■ **YOUR GOAL**
Your task is to repeat exactly the lines below between the line holding "nonbipartite: z^n chi(z" and the line holding "occupying the vertices", inclusive, and only those.

▶

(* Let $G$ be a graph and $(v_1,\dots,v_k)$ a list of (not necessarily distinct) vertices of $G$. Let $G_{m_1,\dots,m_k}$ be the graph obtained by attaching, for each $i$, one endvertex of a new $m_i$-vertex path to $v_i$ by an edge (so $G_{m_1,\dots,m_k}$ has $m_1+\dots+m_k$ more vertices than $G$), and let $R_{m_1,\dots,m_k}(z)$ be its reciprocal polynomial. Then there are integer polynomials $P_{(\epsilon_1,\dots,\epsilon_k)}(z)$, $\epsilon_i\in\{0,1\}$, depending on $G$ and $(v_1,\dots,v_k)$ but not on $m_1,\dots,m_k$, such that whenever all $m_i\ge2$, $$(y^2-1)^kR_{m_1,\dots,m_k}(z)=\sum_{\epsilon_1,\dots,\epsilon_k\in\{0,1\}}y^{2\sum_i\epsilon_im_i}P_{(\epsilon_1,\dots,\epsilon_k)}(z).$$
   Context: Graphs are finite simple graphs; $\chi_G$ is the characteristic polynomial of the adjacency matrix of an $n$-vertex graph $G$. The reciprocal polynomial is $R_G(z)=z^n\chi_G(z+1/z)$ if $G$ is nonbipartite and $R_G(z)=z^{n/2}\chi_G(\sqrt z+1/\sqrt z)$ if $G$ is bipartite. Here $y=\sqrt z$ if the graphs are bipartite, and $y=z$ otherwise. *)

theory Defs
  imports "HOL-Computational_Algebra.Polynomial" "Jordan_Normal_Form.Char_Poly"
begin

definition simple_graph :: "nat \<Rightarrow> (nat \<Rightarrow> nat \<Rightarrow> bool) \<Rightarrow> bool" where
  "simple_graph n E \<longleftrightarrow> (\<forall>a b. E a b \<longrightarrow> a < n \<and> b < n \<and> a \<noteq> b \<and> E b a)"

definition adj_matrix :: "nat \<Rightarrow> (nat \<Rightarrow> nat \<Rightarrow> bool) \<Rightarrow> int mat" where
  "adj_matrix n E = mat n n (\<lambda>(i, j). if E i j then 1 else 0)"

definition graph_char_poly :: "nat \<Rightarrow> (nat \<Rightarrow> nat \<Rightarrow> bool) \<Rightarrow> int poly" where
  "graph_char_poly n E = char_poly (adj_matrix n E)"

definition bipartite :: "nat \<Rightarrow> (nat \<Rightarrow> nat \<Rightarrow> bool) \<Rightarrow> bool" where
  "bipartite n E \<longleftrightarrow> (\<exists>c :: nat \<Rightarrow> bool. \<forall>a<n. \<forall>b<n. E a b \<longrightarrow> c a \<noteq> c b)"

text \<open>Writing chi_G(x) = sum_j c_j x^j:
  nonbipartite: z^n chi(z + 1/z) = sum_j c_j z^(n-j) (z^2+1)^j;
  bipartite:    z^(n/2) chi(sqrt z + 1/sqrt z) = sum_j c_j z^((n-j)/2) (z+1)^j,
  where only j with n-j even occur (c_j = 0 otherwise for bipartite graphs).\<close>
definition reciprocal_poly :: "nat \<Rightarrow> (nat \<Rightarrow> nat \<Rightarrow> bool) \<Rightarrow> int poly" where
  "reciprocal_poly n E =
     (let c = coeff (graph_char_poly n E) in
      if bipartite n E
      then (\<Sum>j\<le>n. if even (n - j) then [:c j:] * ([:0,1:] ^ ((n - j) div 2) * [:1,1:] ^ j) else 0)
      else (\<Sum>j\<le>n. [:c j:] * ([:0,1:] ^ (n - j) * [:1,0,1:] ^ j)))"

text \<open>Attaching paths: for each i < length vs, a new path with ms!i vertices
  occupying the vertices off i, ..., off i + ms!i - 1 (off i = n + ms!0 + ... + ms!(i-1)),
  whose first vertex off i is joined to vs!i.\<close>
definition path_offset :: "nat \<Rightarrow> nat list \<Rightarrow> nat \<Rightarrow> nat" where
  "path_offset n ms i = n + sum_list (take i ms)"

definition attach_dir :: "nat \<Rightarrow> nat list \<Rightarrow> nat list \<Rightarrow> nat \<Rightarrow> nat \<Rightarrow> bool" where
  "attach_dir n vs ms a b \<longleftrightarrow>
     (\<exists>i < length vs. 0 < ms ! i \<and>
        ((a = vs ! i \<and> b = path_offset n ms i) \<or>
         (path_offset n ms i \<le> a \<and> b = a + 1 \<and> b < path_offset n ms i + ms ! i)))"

◀

■ **OUTPUT FOR THIS EXERCISE**
  nonbipartite: z^n chi(z + 1/z) = sum_j c_j z^(n-j) (z^2+1)^j;
  bipartite:    z^(n/2) chi(sqrt z + 1/sqrt z) = sum_j c_j z^((n-j)/2) (z+1)^j,
  where only j with n-j even occur (c_j = 0 otherwise for bipartite graphs).\<close>
definition reciprocal_poly :: "nat \<Rightarrow> (nat \<Rightarrow> nat \<Rightarrow> bool) \<Rightarrow> int poly" where
  "reciprocal_poly n E =
     (let c = coeff (graph_char_poly n E) in
      if bipartite n E
      then (\<Sum>j\<le>n. if even (n - j) then [:c j:] * ([:0,1:] ^ ((n - j) div 2) * [:1,1:] ^ j) else 0)
      else (\<Sum>j\<le>n. [:c j:] * ([:0,1:] ^ (n - j) * [:1,0,1:] ^ j)))"

text \<open>Attaching paths: for each i < length vs, a new path with ms!i vertices
  occupying the vertices off i, ..., off i + ms!i - 1 (off i = n + ms!0 + ... + ms!(i-1)),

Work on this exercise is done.